Парень, вздохнув, согласился:
— Оно конечно. Только Катюшка так хочет. Да и я прикидываю: тут ребят вон сколько, не поженишься — живо уведут.
Зарубин улыбнулся.
— Да, ребята у нас такие, за ними гляди в оба.
— Вот именно. Потому я и решил не откладывать, — обрадовался поддержке парень.
Но Снегову сегодня было не до этой докуки посетителя. Он сухо сказал:
— Пока подождать надо.
Паренек с надеждой спросил:
— А долго?
— Вот как вторую очередь поселка закончим — получите.
— Долгонько, но и на том спасибо. Объясню Катюше.
Выходя, он осторожно закрыл дверь.
— Хороший парень. Надо бы с ним помягче, — заметил Зарубин.
— Насчет помягче да поглаже — ты это брось. У нас их не один, а тысячи, всем комнаты не дашь. Лучше пусть знают истинную обстановку.
— Таких, как эта молодая пара, не так уж много. Может, договориться с Данилиным и один дом специально для молодоженов отвести? Пусть даже недостроенный. Они сами его вместе со строителями в два счета закончат.

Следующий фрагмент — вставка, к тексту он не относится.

lemma monotone_threshold_utility:
  assumes "1 \<le> k"
  shows "monotone_utility n (threshold_utility k) \<and> threshold_utility k 1 \<noteq> 0"
  using assms by (auto simp: monotone_utility_def threshold_utility_def)

lemma worst_utility_ratio_eq_robust_ratio:
  assumes "1 \<le> n" "0 < p" "p \<le> 1"
  shows "worst_utility_ratio n p P = robust_ratio n p P"
proof -
  define W where "W = {U. monotone_utility n U \<and> (\<exists>i\<in>{1..n}. U i \<noteq> 0)}"
  define ratio where "ratio U = EU_alg n p P U / EU_opt n p U" for U
  have "robust_ratio n p P \<in> (\<lambda>k. prob_top n p P k / (1 - (1 - p) ^ k)) ` {1..n}"
    unfolding robust_ratio_def using assms by (intro Min_in) auto
  then obtain k where k: "k \<in> {1..n}"
    and robust_k: "robust_ratio n p P = prob_top n p P k / (1 - (1 - p) ^ k)" by auto
  have "threshold_utility k \<in> W"
    using k assms(1) monotone_threshold_utility[of k n] unfolding W_def by auto
  moreover have "ratio (threshold_utility k) = robust_ratio n p P"
    using k by (simp add: ratio_def robust_k prob_top_eq_EU_alg_threshold EU_opt_threshold)
  ultimately have attained: "robust_ratio n p P \<in> ratio ` W"
    by force
  have lower: "robust_ratio n p P \<le> ratio U" if "U \<in> W" for U
  proof -
    from that obtain i where "i \<in> {1..n}" "U i \<noteq> 0" "monotone_utility n U"
      unfolding W_def by auto
    then have "0 < EU_opt n p U"
      using EU_opt_pos assms(2,3) by blast
    moreover have "robust_ratio n p P * EU_opt n p U \<le> EU_alg n p P U"
      using EU_alg_ge_robust[OF assms(2,3) order.refl] \<open>monotone_utility n U\<close> .
    ultimately show ?thesis by (simp add: ratio_def pos_le_divide_eq)
  qed
  show ?thesis
    unfolding worst_utility_ratio_def W_def[symmetric] ratio_def[symmetric]
    by (rule cInf_eq_minimum[OF attained]) (auto intro: lower)
qed

lemma continuous_on_Min_image:
  assumes "finite K" "K \<noteq> {}" "\<And>k. k \<in> K \<Longrightarrow> continuous_on S (g k)"
  shows "continuous_on S (\<lambda>x. Min ((\<lambda>k. g k x :: real) ` K))"
  using assms
proof (induction K rule: finite_ne_induct)
  case (singleton k)
  then show ?case by simp
next
  case (insert a F)
  have "continuous_on S (\<lambda>x. min (g a x) (Min ((\<lambda>k. g k x) ` F)))"
    using insert by (intro continuous_intros) auto
  then show ?case using insert by simp
qed

text \<open>Policies are identified with points of the product space of their offer probabilities.\<close>

lemma continuous_on_run_value:
  "continuous_on UNIV (\<lambda>f. run_value (\<lambda>rs ds. f (rs, ds)) p U seen ds xs)"
proof (induction xs arbitrary: seen ds)
  case Nil
  then show ?case by simp
next
  case (Cons x rest)
  show ?case
    by (simp add: Let_def) (intro continuous_intros continuous_on_product_coordinates Cons)
qed

lemma continuous_on_robust_ratio:
  assumes "1 \<le> n" "0 < p" "p \<le> 1"
  shows "continuous_on UNIV (\<lambda>f. robust_ratio n p (curry f))"
proof -
  have "1 - (1 - p) ^ k \<noteq> 0" if "k \<in> {1..n}" for k
    using one_minus_power_pos[of k p] assms that by auto
  then show ?thesis
    unfolding robust_ratio_def prob_top_def EU_alg_def curry_conv
    by (intro continuous_on_Min_image)
       (use assms in \<open>auto intro!: continuous_intros continuous_on_run_value\<close>)
qed

lemma compact_unit_functions: "compact {f :: 'a \<Rightarrow> real. \<forall>x. f x \<in> {0..1}}"
proof -
  have "compactin (product_topology (\<lambda>_. euclidean) UNIV) (PiE (UNIV :: 'a set) (\<lambda>_. {0..1::real}))"
    by (subst compactin_PiE) auto
  moreover have "PiE (UNIV :: 'a set) (\<lambda>_. {0..1::real}) = {f. \<forall>x. f x \<in> {0..1}}"
    by (auto simp: PiE_def)
  ultimately show ?thesis by (simp add: euclidean_product_topology)
qed

lemma robust_ratio_attains_max:
  assumes "1 \<le> n" "0 < p" "p \<le> 1"
  obtains P where "valid_policy P"
    and "\<And>Q. valid_policy Q \<Longrightarrow> robust_ratio n p Q \<le> robust_ratio n p P"
proof -
  define K where "K = {f :: nat list \<times> bool list \<Rightarrow> real. \<forall>x. f x \<in> {0..1}}"
  have "\<exists>f\<in>K. \<forall>g\<in>K. robust_ratio n p (curry g) \<le> robust_ratio n p (curry f)"
    unfolding K_def
    by (rule continuous_attains_sup[OF compact_unit_functions])
       (auto intro: continuous_on_subset[OF continuous_on_robust_ratio[OF assms]])
  then obtain f where "f \<in> K"
    and fmax: "\<And>g. g \<in> K \<Longrightarrow> robust_ratio n p (curry g) \<le> robust_ratio n p (curry f)"
    by blast
  have "valid_policy (curry f)"
    using \<open>f \<in> K\<close> unfolding K_def valid_policy_def by auto
  moreover have "robust_ratio n p Q \<le> robust_ratio n p (curry f)" if "valid_policy Q" for Q
    using fmax[of "case_prod Q"] that unfolding K_def valid_policy_def by auto
  ultimately show ?thesis using that by blast
qed

theorem proposition1:
  fixes n :: nat and p :: real
  assumes "1 \<le> n" and "0 < p" and "p \<le> 1"
  shows "(\<forall>P \<gamma> U. valid_policy P \<longrightarrow> \<gamma> \<le> robust_ratio n p P \<longrightarrow> monotone_utility n U
            \<longrightarrow> EU_alg n p P U \<ge> \<gamma> * EU_opt n p U)
       \<and> (\<exists>P. valid_policy P \<and> worst_utility_ratio n p P = gamma_star n p
              \<and> (\<forall>Q. valid_policy Q \<longrightarrow> worst_utility_ratio n p Q \<le> gamma_star n p))"
proof
  show "\<forall>P \<gamma> U. valid_policy P \<longrightarrow> \<gamma> \<le> robust_ratio n p P \<longrightarrow> monotone_utility n U
          \<longrightarrow> EU_alg n p P U \<ge> \<gamma> * EU_opt n p U"
    using EU_alg_ge_robust assms by blast
  obtain P where valid: "valid_policy P"
    and max: "\<And>Q. valid_policy Q \<Longrightarrow> robust_ratio n p Q \<le> robust_ratio n p P"
    using robust_ratio_attains_max[OF assms] by blast
  have "gamma_star n p = robust_ratio n p P"
    unfolding gamma_star_def by (rule cSup_eq_maximum) (use valid max in auto)
  then show "\<exists>P. valid_policy P \<and> worst_utility_ratio n p P = gamma_star n p
              \<and> (\<forall>Q. valid_policy Q \<longrightarrow> worst_utility_ratio n p Q \<le> gamma_star n p)"
    using valid max worst_utility_ratio_eq_robust_ratio[OF assms] by metis
qed

end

— Вот-вот. Только дай знать об этом — завтра в заявлениях утонем. Насчет пеленок пусть наши профсоюзники думают.
— Знаешь, Анатолий, в чем твой главный недостаток? — спросил вдруг Зарубин.
Снегов вскинул на него суженные в злом ожидании глаза, откинулся на спинку стула.
— Ну, ну, в чем же?
— Ребят ты не любишь, отвык, сидя в кабинетах, возиться с ними.
— Тогда, может, и впрямь кому-нибудь другому это кресло уступить? Тому, кто помягче да полюбвеобильнее. Может, заявление накатать?
Зарубин пристально посмотрел на него и ответил угрюмо, с болью:
— Советовать не берусь, ты очень обидчив стал. Но скажу еще раз то, что говорил. Если и дальше так будем вести дела, ребята и заявления ждать не будут — выставят нас с тобой, и все.